● **Material for this task**
--- START ---
definition relational_sample_space :: "'a measure \<Rightarrow> ('a \<Rightarrow> 'a \<Rightarrow> bool) \<Rightarrow> bool" where
  "relational_sample_space M E \<longleftrightarrow>
     standard_borel M \<and>
     (\<forall>p \<phi>. free_vars \<phi> \<subseteq> {..<p} \<longrightarrow>
        {v \<in> space (PiM {..<p} (\<lambda>_. M)). fo_sat (space M) E v \<phi>} \<in> sets (PiM {..<p} (\<lambda>_. M)))"

definition modeling :: "'a measure \<Rightarrow> ('a \<Rightarrow> 'a \<Rightarrow> bool) \<Rightarrow> bool" where
  "modeling M E \<longleftrightarrow> relational_sample_space M E \<and> prob_space M"

end

theory Submission
  imports Defs
begin

text \<open>
  Call two assignments n-equivalent on a set of variables if the same equalities hold between the
  images of their entries under words of length at most n in the involutions. By induction on
  formulas, for each formula there is an n such that n-equivalent assignments satisfy it
  simultaneously. Only the existential quantifier needs an argument, and it costs a factor 3:
  a witness a within distance 2n of the first tuple is copied along the word that reaches it;
  otherwise a is matched by a point b of the same n-type that is farther than 2n from the second
  tuple. Such b exists by counting: points within distance 2n of the tuples correspond
  bijectively on the two sides, so if every point of the n-type of a were near the second tuple,
  that type would be finite and in bijection with its part near the first tuple, which misses a.

  Consequently a definable set is a finite union of classes of assignments with the same pattern.
  Each class is measurable since countably many Borel sets separate the points of a standard
  Borel space, which makes the set where two measurable maps into it agree measurable.
\<close>

section \<open>Standard Borel spaces\<close>

lemma (in Metric_space) separable_imp_second_countable:
  assumes "separable_space mtopology"
  shows "second_countable mtopology"
proof -
  obtain C where C: "countable C" "C \<subseteq> M" "mtopology closure_of C = M"
    using assms unfolding separable_space_def by auto
  let ?B = "(\<lambda>(q, r). mball q (of_rat r)) ` (C \<times> (UNIV :: rat set))"
  have "\<exists>V\<in>?B. x \<in> V \<and> V \<subseteq> U" if U: "openin mtopology U" "x \<in> U" for U x
  proof -
    obtain r where r: "r > 0" "mball x r \<subseteq> U"
      using U openin_mtopology by blast
    have "x \<in> M"
      using U openin_subset by fastforce
    then have "x \<in> mtopology closure_of C"
      using C(3) by simp
    then obtain q where q: "q \<in> C" "d x q < r/3"
      using \<open>r > 0\<close> unfolding metric_closure_of by (force dest: spec[of _ "r/3"])
    obtain s where s: "s \<in> \<rat>" "r/3 < s" "s < 2*r/3"
      using Rats_dense_in_real[of "r/3" "2*r/3"] \<open>r > 0\<close> by auto
    have "mball q s \<subseteq> mball x r"
    proof
      fix y assume "y \<in> mball q s"
      then show "y \<in> mball x r"
        using triangle[of x q y] \<open>x \<in> M\<close> q s C(2) by (auto simp: commute)
    qed
    moreover have "x \<in> mball q s"
      using \<open>x \<in> M\<close> q s C(2) by (auto simp: commute)
    moreover have "mball q s \<in> ?B"
      using q(1) s(1) by (force elim: Rats_cases)
    ultimately show ?thesis
      using r(2) by (meson subset_trans)
  qed
  moreover have "countable ?B"
    using C(1) by auto
  ultimately show ?thesis
    unfolding second_countable_def by (intro exI[of _ ?B]) auto
qed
--- END ---
● **What is required**
The data above should be copied exactly, with no line omitted.

● **Response area**
definition relational_sample_space :: "'a measure \<Rightarrow> ('a \<Rightarrow> 'a \<Rightarrow> bool) \<Rightarrow> bool" where
  "relational_sample_space M E \<longleftrightarrow>
     standard_borel M \<and>
     (\<forall>p \<phi>. free_vars \<phi> \<subseteq> {..<p} \<longrightarrow>
        {v \<in> space (PiM {..<p} (\<lambda>_. M)). fo_sat (space M) E v \<phi>} \<in> sets (PiM {..<p} (\<lambda>_. M)))"

definition modeling :: "'a measure \<Rightarrow> ('a \<Rightarrow> 'a \<Rightarrow> bool) \<Rightarrow> bool" where
  "modeling M E \<longleftrightarrow> relational_sample_space M E \<and> prob_space M"

end

theory Submission
  imports Defs
begin

text \<open>
  Call two assignments n-equivalent on a set of variables if the same equalities hold between the
  images of their entries under words of length at most n in the involutions. By induction on
  formulas, for each formula there is an n such that n-equivalent assignments satisfy it
  simultaneously. Only the existential quantifier needs an argument, and it costs a factor 3:
  a witness a within distance 2n of the first tuple is copied along the word that reaches it;
  otherwise a is matched by a point b of the same n-type that is farther than 2n from the second
  tuple. Such b exists by counting: points within distance 2n of the tuples correspond
  bijectively on the two sides, so if every point of the n-type of a were near the second tuple,
  that type would be finite and in bijection with its part near the first tuple, which misses a.

  Consequently a definable set is a finite union of classes of assignments with the same pattern.
  Each class is measurable since countably many Borel sets separate the points of a standard
  Borel space, which makes the set where two measurable maps into it agree measurable.
\<close>

section \<open>Standard Borel spaces\<close>

lemma (in Metric_space) separable_imp_second_countable:
  assumes "separable_space mtopology"
  shows "second_countable mtopology"
proof -
  obtain C where C: "countable C" "C \<subseteq> M" "mtopology closure_of C = M"
    using assms unfolding separable_space_def by auto
  let ?B = "(\<lambda>(q, r). mball q (of_rat r)) ` (C \<times> (UNIV :: rat set))"
  have "\<exists>V\<in>?B. x \<in> V \<and> V \<subseteq> U" if U: "openin mtopology U" "x \<in> U" for U x
  proof -
    obtain r where r: "r > 0" "mball x r \<subseteq> U"
      using U openin_mtopology by blast
    have "x \<in> M"
      using U openin_subset by fastforce
    then have "x \<in> mtopology closure_of C"
      using C(3) by simp
    then obtain q where q: "q \<in> C" "d x q < r/3"
      using \<open>r > 0\<close> unfolding metric_closure_of by (force dest: spec[of _ "r/3"])
    obtain s where s: "s \<in> \<rat>" "r/3 < s" "s < 2*r/3"
      using Rats_dense_in_real[of "r/3" "2*r/3"] \<open>r > 0\<close> by auto
    have "mball q s \<subseteq> mball x r"
    proof
      fix y assume "y \<in> mball q s"
      then show "y \<in> mball x r"
        using triangle[of x q y] \<open>x \<in> M\<close> q s C(2) by (auto simp: commute)
    qed
    moreover have "x \<in> mball q s"
      using \<open>x \<in> M\<close> q s C(2) by (auto simp: commute)
    moreover have "mball q s \<in> ?B"
      using q(1) s(1) by (force elim: Rats_cases)
    ultimately show ?thesis
      using r(2) by (meson subset_trans)
  qed
  moreover have "countable ?B"
    using C(1) by auto
  ultimately show ?thesis
    unfolding second_countable_def by (intro exI[of _ ?B]) auto
qed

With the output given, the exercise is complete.